The film, in opening up on a bit that explicitly tears down the then-popular logic of continuity storytelling, informs us at once that this is not the Frankenstein we were expecting, and that, more than anything, we are about to be treated to a proper tall tale, a lark. To this extent, the film is at our service. It sets a gloriously left-field field ball rolling that doesn’t stop for anything.

After this sequence, the film tiptoes a line so razor-thin between horror, tragedy, and gallows humor, it soars sky-high on the sheer tension it creates through threatening to implode on itself. Firstly, the film is rather in the monster’s corner this time out, with Karloff ing him as a child let loose on the world struggling to comprehend its contradictions and inadequacies. More than horror, the film evokes mirthful joy and childlike glee, as well as soul-deep trauma, when we witness the monster love and lose within the span of minutes. It takes us to the pit of guilt and the summit of innocence, often within the same scene.

As if that weren’t already enough, the B-plot, about Dr. Frankenstein and a fellow doctor attempting to create life for Frankenstein in the form of a Bride, is off somewhere simmering with campy psycho-sexual tension that fascinates with its perturbed energy.

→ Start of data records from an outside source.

(* Assume that for all $0\le i,j\le d$: $E^*_iAE^*_j=0$ if $|i-j|>1$, and $E^*_iAE^*_j\ne0$ if $|i-j|=1$. Then there exists a unique antiautomorphism $\dagger$ of $\mathcal A$ such that $A^\dagger=A$ and $A^{*\dagger}=A^*$. Moreover $X^{\dagger\dagger}=X$ for all $X\in\mathcal A$.
   Context: Let $\mathbb K$ be a field, $d\ge 0$ an integer, and $\mathcal A$ a $\mathbb K$-algebra isomorphic to $\mathrm{Mat}_{d+1}(\mathbb K)$, with identity $I$. An element of $\mathcal A$ is multiplicity-free if it has $d+1$ mutually distinct eigenvalues, all in $\mathbb K$; for such $A$ with eigenvalues $\theta_0,\ldots,\theta_d$, the primitive idempotent associated with $\theta_i$ is $E_i=\prod_{j\ne i}(A-\theta_jI)/(\theta_i-\theta_j)$. Standing setup: $A,A^*$ are multiplicity-free elements of $\mathcal A$ ($A^*$ is just a name, not an adjoint); $E^*_0,\ldots,E^*_d$ is an ordering of the primitive idempotents of $A^*$. An antiautomorphism of $\mathcal A$ is a $\mathbb K$-linear bijection $\sigma:\mathcal A\to\mathcal A$ with $(XY)^\sigma=Y^\sigma X^\sigma$ for all $X,Y\in\mathcal A$. *)

theory Defs
  imports "Jordan_Normal_Form.Char_Poly"
begin

text \<open>The algebra is realised concretely as the full matrix algebra of
  (d+1) x (d+1) matrices over the field 'a, i.e. carrier_mat (Suc d) (Suc d).\<close>

definition mult_free :: "nat \<Rightarrow> 'a :: field mat \<Rightarrow> bool" where
  "mult_free d A \<longleftrightarrow> A \<in> carrier_mat (Suc d) (Suc d) \<and>
     card {k. eigenvalue A k} = Suc d"

definition prim_idem :: "nat \<Rightarrow> 'a :: field mat \<Rightarrow> (nat \<Rightarrow> 'a) \<Rightarrow> nat \<Rightarrow> 'a mat" where
  "prim_idem d A th i =
     foldr (\<lambda>j M. ((1 / (th i - th j)) \<cdot>\<^sub>m (A - th j \<cdot>\<^sub>m 1\<^sub>m (Suc d))) * M)
       (filter (\<lambda>j. j \<noteq> i) [0..<Suc d]) (1\<^sub>m (Suc d))"

definition eig_ordering :: "nat \<Rightarrow> 'a :: field mat \<Rightarrow> (nat \<Rightarrow> 'a) \<Rightarrow> bool" where
  "eig_ordering d A th \<longleftrightarrow> inj_on th {0..d} \<and> th ` {0..d} = {k. eigenvalue A k}"

definition antiautomorphism :: "nat \<Rightarrow> ('a :: field mat \<Rightarrow> 'a mat) \<Rightarrow> bool" where
  "antiautomorphism n \<sigma> \<longleftrightarrow>
     bij_betw \<sigma> (carrier_mat n n) (carrier_mat n n) \<and>
     (\<forall>X\<in>carrier_mat n n. \<forall>Y\<in>carrier_mat n n. \<sigma> (X + Y) = \<sigma> X + \<sigma> Y) \<and>
     (\<forall>c. \<forall>X\<in>carrier_mat n n. \<sigma> (c \<cdot>\<^sub>m X) = c \<cdot>\<^sub>m \<sigma> X) \<and>
     (\<forall>X\<in>carrier_mat n n. \<forall>Y\<in>carrier_mat n n. \<sigma> (X * Y) = \<sigma> Y * \<sigma> X)"

end

(*
  Let S be an eigenbasis of A*, so that E*_i = S e_ii S^-1 for the matrix units e_ij, and put
  T = S^-1 A S. Then E*_i A E*_j = T_ij S e_ij S^-1, so the hypotheses say exactly that T is an
  irreducible tridiagonal matrix. Such a T is symmetrised by an invertible diagonal D, i.e.
  D T^t = T D, and then X |-> M X^t M^-1 with M = S D S^t is an antiautomorphism fixing S Z S^-1
  whenever D Z^t = Z D; this covers A and the diagonalised A*.
  On the other hand, the E*_i are polynomials in A*, and E*_i A E*_j with |i - j| = 1 yields the
  conjugated matrix units S e_ij S^-1 for neighbouring i, j; their products give all matrix units,
  so A and A* generate the whole algebra. An antiautomorphism is determined by its values on
  generators, which gives uniqueness, and the same induction shows that the dagger is an involution.
*)
theory Submission
  imports Defs
begin

section \<open>Matrix units\<close>

definition mat_unit :: "nat \<Rightarrow> nat \<Rightarrow> nat \<Rightarrow> 'a :: zero_neq_one mat" where
  "mat_unit n i j = mat n n (\<lambda>(a, b). if a = i \<and> b = j then 1 else 0)"

lemma mat_unit_carrier[simp]: "mat_unit n i j \<in> carrier_mat n n"
  and dim_mat_unit[simp]: "dim_row (mat_unit n i j) = n" "dim_col (mat_unit n i j) = n"
  unfolding mat_unit_def by auto

lemma index_mat_unit[simp]:
  "a < n \<Longrightarrow> b < n \<Longrightarrow> mat_unit n i j $$ (a, b) = (if a = i \<and> b = j then 1 else 0)"
  unfolding mat_unit_def by auto

lemma mat_unit_mult_left:
  fixes X :: "'a :: semiring_1 mat"
  assumes "X \<in> carrier_mat n m" and "j < n"
  shows "mat_unit n i j * X = mat n m (\<lambda>(a, b). if a = i then X $$ (j, b) else 0)"
  using assms
  by (intro eq_matI) (auto simp: scalar_prod_def if_distrib[of "\<lambda>x. x * _"] cong: if_cong)

lemma mat_unit_mult_right:
  fixes X :: "'a :: semiring_1 mat"
  assumes "X \<in> carrier_mat m n" and "i < n"
  shows "X * mat_unit n i j = mat m n (\<lambda>(a, b). if b = j then X $$ (a, i) else 0)"
  using assms
  by (intro eq_matI) (auto simp: scalar_prod_def if_distrib[of "\<lambda>x. _ * x"] cong: if_cong)

lemma mat_unit_mult_mat_unit:
  assumes "i < n" "j < n" "k < n" "l < n"
  shows "mat_unit n i j * mat_unit n k l =
    (if j = k then mat_unit n i l else (0\<^sub>m n n :: 'a :: semiring_1 mat))"
  using assms by (subst mat_unit_mult_right) auto

lemma mat_unit_sandwich:
  fixes X :: "'a :: semiring_1 mat"
  assumes "X \<in> carrier_mat n n" and "i < n" and "j < n"
  shows "mat_unit n i i * X * mat_unit n j j = X $$ (i, j) \<cdot>\<^sub>m mat_unit n i j"
  using assms by (subst mat_unit_mult_left, simp_all, subst mat_unit_mult_right) auto

section \<open>Conjugation by an invertible matrix\<close>

lemma transpose_smult_mat: "transpose_mat (c \<cdot>\<^sub>m X) = c \<cdot>\<^sub>m transpose_mat X"
  by (intro eq_matI) auto

locale mat_inverse_pair =
  fixes n :: nat and P Q :: "'a :: field mat"
  assumes P_carrier[simp]: "P \<in> carrier_mat n n" and Q_carrier[simp]: "Q \<in> carrier_mat n n"
    and P_Q: "P * Q = 1\<^sub>m n" and Q_P: "Q * P = 1\<^sub>m n"
begin

lemmas square_mat_simps = assoc_mult_mat[of _ n n _ n _ n] mult_carrier_mat[of _ n n _ n]
  mult_add_distrib_mat[of _ n n _ n] add_mult_distrib_mat[of _ n n _ _ n]
  mult_smult_distrib[of _ n n _ n] mult_smult_assoc_mat[of _ n n _ n] transpose_mult[of _ n n _ n]

lemma swap: "mat_inverse_pair n Q P"
  by unfold_locales (simp_all add: P_Q Q_P)

lemma Q_P_mult_cancel: "X \<in> carrier_mat n n \<Longrightarrow> Q * (P * X) = X"
  by (simp add: Q_P flip: assoc_mult_mat[of _ n n _ n _ n])

lemma P_Q_mult_cancel: "X \<in> carrier_mat n n \<Longrightarrow> P * (Q * X) = X"
  by (simp add: P_Q flip: assoc_mult_mat[of _ n n _ n _ n])

lemmas cancel_simps = P_Q Q_P Q_P_mult_cancel P_Q_mult_cancel

lemma transpose: "mat_inverse_pair n (transpose_mat Q) (transpose_mat P)"
  by unfold_locales (simp_all add: cancel_simps flip: transpose_mult[of _ n n _ n])

lemma mult:
  assumes "mat_inverse_pair n P' Q'"
  shows "mat_inverse_pair n (P * P') (Q' * Q)"
proof -
  interpret P': mat_inverse_pair n P' Q' by (fact assms)
  show ?thesis
    by unfold_locales (simp_all add: square_mat_simps cancel_simps P'.cancel_simps)
qed

lemma mult_P_Q_cancel: "X \<in> carrier_mat m n \<Longrightarrow> X * P * Q = X"
  by (simp add: assoc_mult_mat[of X m n P n Q n] P_Q)

lemma conj_carrier[simp]: "X \<in> carrier_mat n n \<Longrightarrow> P * X * Q \<in> carrier_mat n n"
  by (simp add: square_mat_simps)

lemma conj_cancel: "X \<in> carrier_mat n n \<Longrightarrow> Q * (P * X * Q) * P = X"
  by (simp add: square_mat_simps cancel_simps)

lemma conj_one: "P * 1\<^sub>m n * Q = 1\<^sub>m n"
  using right_mult_one_mat[OF P_carrier] by (simp add: P_Q)

lemma conj_add:
  "X \<in> carrier_mat n n \<Longrightarrow> Y \<in> carrier_mat n n \<Longrightarrow> P * (X + Y) * Q = P * X * Q + P * Y * Q"
  by (simp add: square_mat_simps)

lemma conj_smult: "X \<in> carrier_mat n n \<Longrightarrow> P * (c \<cdot>\<^sub>m X) * Q = c \<cdot>\<^sub>m (P * X * Q)"
  by (simp add: square_mat_simps)

lemma conj_mult:
  "X \<in> carrier_mat n n \<Longrightarrow> Y \<in> carrier_mat n n \<Longrightarrow> P * (X * Y) * Q = P * X * Q * (P * Y * Q)"
  by (simp add: square_mat_simps cancel_simps)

The film is so busy poking and prodding at society and humankind and filmic invention it occasionally forgets to frighten – but when it does, any concern is washed away. Bride of Frankenstein is horror at its most frustrated, excited, and delirious, a film that takes a sort of pure, sheer joy in screwing with us, refuses to be classified, and always comes back for more. More than anything, it is the very antithesis of sequel logic, and it is endlessly fascinating.

 

4. Ugetsu (1953)

Ugetsu

It’s a shame Mizoguchi’s name has been almost wiped clean from the canon, but it’s easy to understand considering his total and complete distance from anything resembling modern film-making. If Kurosawa was a story-teller and Ozu a painter – two things very much still alive in today’s film-world – Kenji Mizoguchi was a fable-maker. A director who bled physical space but abstracted it to find the unconscious spaces of our mind layered within, Ozu’s greatest tool was the elegiac long take. He had no interest in cutting to capture characters as individuals, and found himself far more compelled by the idea of people in relation to their environments.

Naturally, an emphasis on geography lends itself to horror, but the genre was not Mizoguhi’s forte. He usually worked with a particularly horrifying, malaised, haunting form of drama – look no further than Sansho the Bailiff, arguably his greatest film. But Ugetsu is dramatic horror, subsuming narrative to mood, using atmosphere to define character, and elevating imagery to a sort of hazy, heavenly film-making that feels leisurely yet undeniably poetic.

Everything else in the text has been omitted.